_YOUR ASSIGNMENT_
Going line by line through the entries below, count those that contain "also". Give the number by itself.

○ ○ ○ ○ ○ ○ ○

lemma normalized_monomial_sums_on_sphere:
  fixes e :: "nat \<Rightarrow> nat" and \<theta> :: "nat \<Rightarrow> real"
  assumes "0 < \<delta>" "real M * \<delta> = pi / 2" "120 \<le> real k * \<delta>\<^sup>2"
    and grid: "\<And>i. i \<le> M \<Longrightarrow> real k * (sin (\<theta> i))\<^sup>2 = real (e i) \<and>
      0 \<le> \<theta> i \<and> \<theta> i \<le> real i * \<delta> \<and> real i * \<delta> - \<theta> i \<le> \<delta> / 20"
    and "\<theta> M = pi / 2" "0 \<le> \<phi>" "\<phi> \<le> pi / 2" "cmod z1 = sin \<phi>" "cmod z2 = cos \<phi>"
  defines "F I \<equiv> normalized_monomial_sum k e \<theta> I z1 z2"
  shows "\<And>I. I \<subseteq> {..M} \<Longrightarrow> norm (F I) \<le> 4"
    and "exp (- real k * \<delta>\<^sup>2) / 2 \<le> max (norm (F {i. i \<le> M \<and> even i})) (norm (F {i. i \<le> M \<and> odd i}))"
proof -
  define t where "t i = normalized_modulus k (e i) (\<theta> i) \<phi>" for i
  have angle: "0 \<le> \<theta> i \<and> \<theta> i \<le> pi / 2" if "i \<le> M" for i
  proof -
    have "real i * \<delta> \<le> real M * \<delta>"
      using that assms(1) by (intro mult_right_mono) auto
    then show ?thesis
      using grid[OF that] assms(2) by linarith
  qed
  have t: "0 \<le> t i \<and> t i \<le> exp (- (real k / 3) * (\<theta> i - \<phi>)\<^sup>2)" if "i \<le> M" for i
    unfolding t_def using angle[OF that] grid[OF that] assms(6,7)
      normalized_modulus_bounds(1,2)[where \<theta> = "\<theta> i" and \<phi> = \<phi> and k = k and j = "e i"]
    by auto
  have grid_angles: "0 \<le> \<theta> i \<and> \<theta> i \<le> real i * \<delta> \<and> real i * \<delta> - \<theta> i \<le> \<delta> / 20"
    if "i \<le> M" for i
    using grid[OF that] by blast
  obtain c where "c \<le> M" and close: "\<bar>\<theta> c - \<phi>\<bar> \<le> 11 / 20 * \<delta>"
    and far: "\<And>i. i \<le> M \<Longrightarrow> (real (nat_dist i c) - 11 / 20) * \<delta> \<le> \<bar>\<theta> i - \<phi>\<bar>"
    and "\<theta> c \<le> 3 * \<phi>" "pi / 2 - \<theta> c \<le> 3 * (pi / 2 - \<phi>)"
    using nearest_grid_point[OF assms(1,2) grid_angles assms(5-7)] by blast
  show "norm (F I) \<le> 4" if "I \<subseteq> {..M}" for I
  proof -
    have "norm (F I) \<le> (\<Sum>i\<in>I. t i)"
      unfolding F_def t_def using that angle assms(8,9) by (intro norm_normalized_monomial_sum_le) auto
    also have "\<dots> \<le> (\<Sum>i\<le>M. t i)"
      using that t by (intro sum_mono2) auto
    also have "\<dots> \<le> 4"
      using assms(1,3) t far by (intro sum_terms_le_four) auto
    finally show ?thesis .
  qed
  have peak: "exp (- 2 * real k * (\<theta> c - \<phi>)\<^sup>2) \<le> t c"
    unfolding t_def using angle[OF \<open>c \<le> M\<close>] grid[OF \<open>c \<le> M\<close>] assms(6,7) \<open>\<theta> c \<le> 3 * \<phi>\<close>
      \<open>pi / 2 - \<theta> c \<le> 3 * (pi / 2 - \<phi>)\<close>
    by (intro normalized_modulus_bounds(3)) auto
  define J where "J = {i. i \<le> M \<and> even i = even c}"
  have "J - {c} = {i. i \<le> M \<and> i \<noteq> c \<and> even i = even c}"
    by (auto simp: J_def)
  then have "(\<Sum>i\<in>J - {c}. t i) \<le> t c / 2"
    using sum_same_parity_le_half_peak[OF assms(3,1) t far close peak] by simp
  moreover have "t c - (\<Sum>i\<in>J - {c}. t i) \<le> norm (F J)"
    unfolding F_def t_def using \<open>c \<le> M\<close> angle assms(8,9)
    by (intro norm_normalized_monomial_sum_ge) (auto simp: J_def)
  moreover have "exp (- real k * \<delta>\<^sup>2) \<le> exp (- (121 / 200) * (real k * \<delta>\<^sup>2))"
    by simp
  ultimately have "exp (- real k * \<delta>\<^sup>2) / 2 \<le> norm (F J)"
    using gaussian_ge_close[OF close, of k] peak by linarith
  moreover have "J = {i. i \<le> M \<and> even i} \<or> J = {i. i \<le> M \<and> odd i}"
    by (auto simp: J_def)
  ultimately show "exp (- real k * \<delta>\<^sup>2) / 2 \<le> max (norm (F {i. i \<le> M \<and> even i})) (norm (F {i. i \<le> M \<and> odd i}))"
    by (auto simp: le_max_iff_disj)
qed

lemma normalized_monomial_sums_norm2_bounds:
  fixes e :: "nat \<Rightarrow> nat" and \<theta> :: "nat \<Rightarrow> real"
  assumes "0 < \<delta>" "real M * \<delta> = pi / 2" "120 \<le> real k * \<delta>\<^sup>2"
    and grid: "\<And>i. i \<le> M \<Longrightarrow> real k * (sin (\<theta> i))\<^sup>2 = real (e i) \<and>
      0 \<le> \<theta> i \<and> \<theta> i \<le> real i * \<delta> \<and> real i * \<delta> - \<theta> i \<le> \<delta> / 20"
    and "\<theta> M = pi / 2" "norm2 z1 z2 = 1"
  defines "p \<equiv> 1 / 6 * normalized_monomial_sum k e \<theta> {i. i \<le> M \<and> even i} z1 z2"
    and "q \<equiv> 1 / 6 * normalized_monomial_sum k e \<theta> {i. i \<le> M \<and> odd i} z1 z2"
  shows "exp (- real k * \<delta>\<^sup>2) / 12 \<le> norm2 p q" "norm2 p q \<le> 1"
proof -
  obtain \<phi> where \<phi>: "0 \<le> \<phi>" "\<phi> \<le> pi / 2" "cmod z1 = sin \<phi>" "cmod z2 = cos \<phi>"
    using sphere_angle[OF assms(6)] by blast
  note on_sphere = normalized_monomial_sums_on_sphere[OF assms(1-3) grid assms(5) \<phi>]
  have "cmod p \<le> 2 / 3" "cmod q \<le> 2 / 3"
    using on_sphere(1)[of "{i. i \<le> M \<and> even i}"] on_sphere(1)[of "{i. i \<le> M \<and> odd i}"]
    by (auto simp: p_def q_def norm_mult)
  then have "(cmod p)\<^sup>2 \<le> (2 / 3)\<^sup>2" "(cmod q)\<^sup>2 \<le> (2 / 3)\<^sup>2"
    by (auto intro!: power_mono)
  then have "(cmod p)\<^sup>2 + (cmod q)\<^sup>2 \<le> 1"
    by (simp add: power_divide)
  then show "norm2 p q \<le> 1"
    by (simp add: norm2_def)
  have "exp (- real k * \<delta>\<^sup>2) / 12 \<le> max (cmod (6 * p)) (cmod (6 * q)) / 6"
    using on_sphere(2) by (simp add: p_def q_def)
  also have "\<dots> = max (cmod p) (cmod q)"
    by (simp add: norm_mult max_divide_distrib_right max_mult_distrib_left)
  also have "\<dots> \<le> norm2 p q"
    by (rule norm2_ge_max)
  finally show "exp (- real k * \<delta>\<^sup>2) / 12 \<le> norm2 p q" .
qed

lemma exists_hom_polys_sphere_to_annulus:
  assumes "14400 \<le> k"
  shows "\<exists>p q. hom_poly2 k p \<and> hom_poly2 k q \<and>
    (\<forall>z1 z2. norm2 z1 z2 = 1 \<longrightarrow>
      exp (- 14400) / 12 \<le> norm2 (p z1 z2) (q z1 z2) \<and> norm2 (p z1 z2) (q z1 z2) \<le> 1)"
proof -
  obtain M where "0 < M" and size: "3600 \<le> real k * (pi / (2 * real M))\<^sup>2"
    "real k * (pi / (2 * real M))\<^sup>2 \<le> 14400"
    using exists_grid_size[OF assms] by blast
  define \<delta> where "\<delta> = pi / (2 * real M)"
  define e where "e i = exponent_below k (real i * \<delta>)" for i
  define \<theta> where "\<theta> i = peak_angle k (e i)" for i
  have "0 < k" "0 < \<delta>" "real M * \<delta> = pi / 2"
    using assms \<open>0 < M\<close> by (auto simp: \<delta>_def)
  from size have size: "3600 \<le> real k * \<delta>\<^sup>2" "real k * \<delta>\<^sup>2 \<le> 14400"
    unfolding \<delta>_def .
  have grid: "real k * (sin (\<theta> i))\<^sup>2 = real (e i) \<and>
      0 \<le> \<theta> i \<and> \<theta> i \<le> real i * \<delta> \<and> real i * \<delta> - \<theta> i \<le> \<delta> / 20" if "i \<le> M" for i
  proof -
    have "real i * \<delta> \<le> real M * \<delta>"
      using that \<open>0 < \<delta>\<close> by (intro mult_right_mono) auto
    then show ?thesis
      unfolding \<theta>_def e_def using \<open>0 < k\<close> size(1) \<open>0 < \<delta>\<close> \<open>real M * \<delta> = pi / 2\<close>
      by (intro peak_angle_grid) auto
  qed
  have "\<theta> M = pi / 2"
    unfolding \<theta>_def e_def \<open>real M * \<delta> = pi / 2\<close> exponent_below_right_angle
    using \<open>0 < k\<close> by (rule peak_angle_degree)
  define p q where "p = (\<lambda>z1 z2. 1 / 6 * normalized_monomial_sum k e \<theta> {i. i \<le> M \<and> even i} z1 z2)"
    and "q = (\<lambda>z1 z2. 1 / 6 * normalized_monomial_sum k e \<theta> {i. i \<le> M \<and> odd i} z1 z2)"
  have "hom_poly2 k p" "hom_poly2 k q"
    unfolding p_def q_def e_def
    by (intro hom_poly2_normalized_monomial_sum; simp add: exponent_below_le)+
  moreover have "exp (- 14400) / 12 \<le> norm2 (p z1 z2) (q z1 z2) \<and> norm2 (p z1 z2) (q z1 z2) \<le> 1"
    if "norm2 z1 z2 = 1" for z1 z2
  proof -
    have "120 \<le> real k * \<delta>\<^sup>2" "exp (- 14400) / 12 \<le> exp (- real k * \<delta>\<^sup>2) / 12"
      using size by simp_all
    with normalized_monomial_sums_norm2_bounds[OF \<open>0 < \<delta>\<close> \<open>real M * \<delta> = pi / 2\<close> this(1) grid
        \<open>\<theta> M = pi / 2\<close> that]
    show ?thesis
      unfolding p_def q_def by linarith
  qed
  ultimately show ?thesis
    by blast
qed

theorem proposition1:
  shows "\<exists>\<eta>::real. 0 < \<eta> \<and> \<eta> \<le> 1 \<and>
    (\<exists>K::nat. \<forall>k\<ge>K. \<exists>p q. hom_poly2 k p \<and> hom_poly2 k q \<and>
       (\<forall>z1 z2. norm2 z1 z2 = 1 \<longrightarrow>
          sqrt \<eta> \<le> norm2 (p z1 z2) (q z1 z2) \<and> norm2 (p z1 z2) (q z1 z2) \<le> 1))"
proof (intro exI conjI)
  define \<eta> :: real where "\<eta> = (exp (- 14400) / 12)\<^sup>2"
  show "0 < \<eta>"
    by (simp add: \<eta>_def)
  have "exp (- 14400) \<le> (1::real)"
    by simp
  then have "exp (- 14400) / 12 \<le> (1::real)"
    by linarith
  then show "\<eta> \<le> 1"
    unfolding \<eta>_def by (intro power_le_one) auto
  have sqrt_\<eta>: "sqrt \<eta> = exp (- 14400) / 12"
    by (simp add: \<eta>_def)
  show "\<forall>k\<ge>14400. \<exists>p q. hom_poly2 k p \<and> hom_poly2 k q \<and>
      (\<forall>z1 z2. norm2 z1 z2 = 1 \<longrightarrow>
        sqrt \<eta> \<le> norm2 (p z1 z2) (q z1 z2) \<and> norm2 (p z1 z2) (q z1 z2) \<le> 1)"
    unfolding sqrt_\<eta> using exists_hom_polys_sphere_to_annulus by blast
qed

○ ○ ○ ○ ○ ○ ○

_RESULT_
4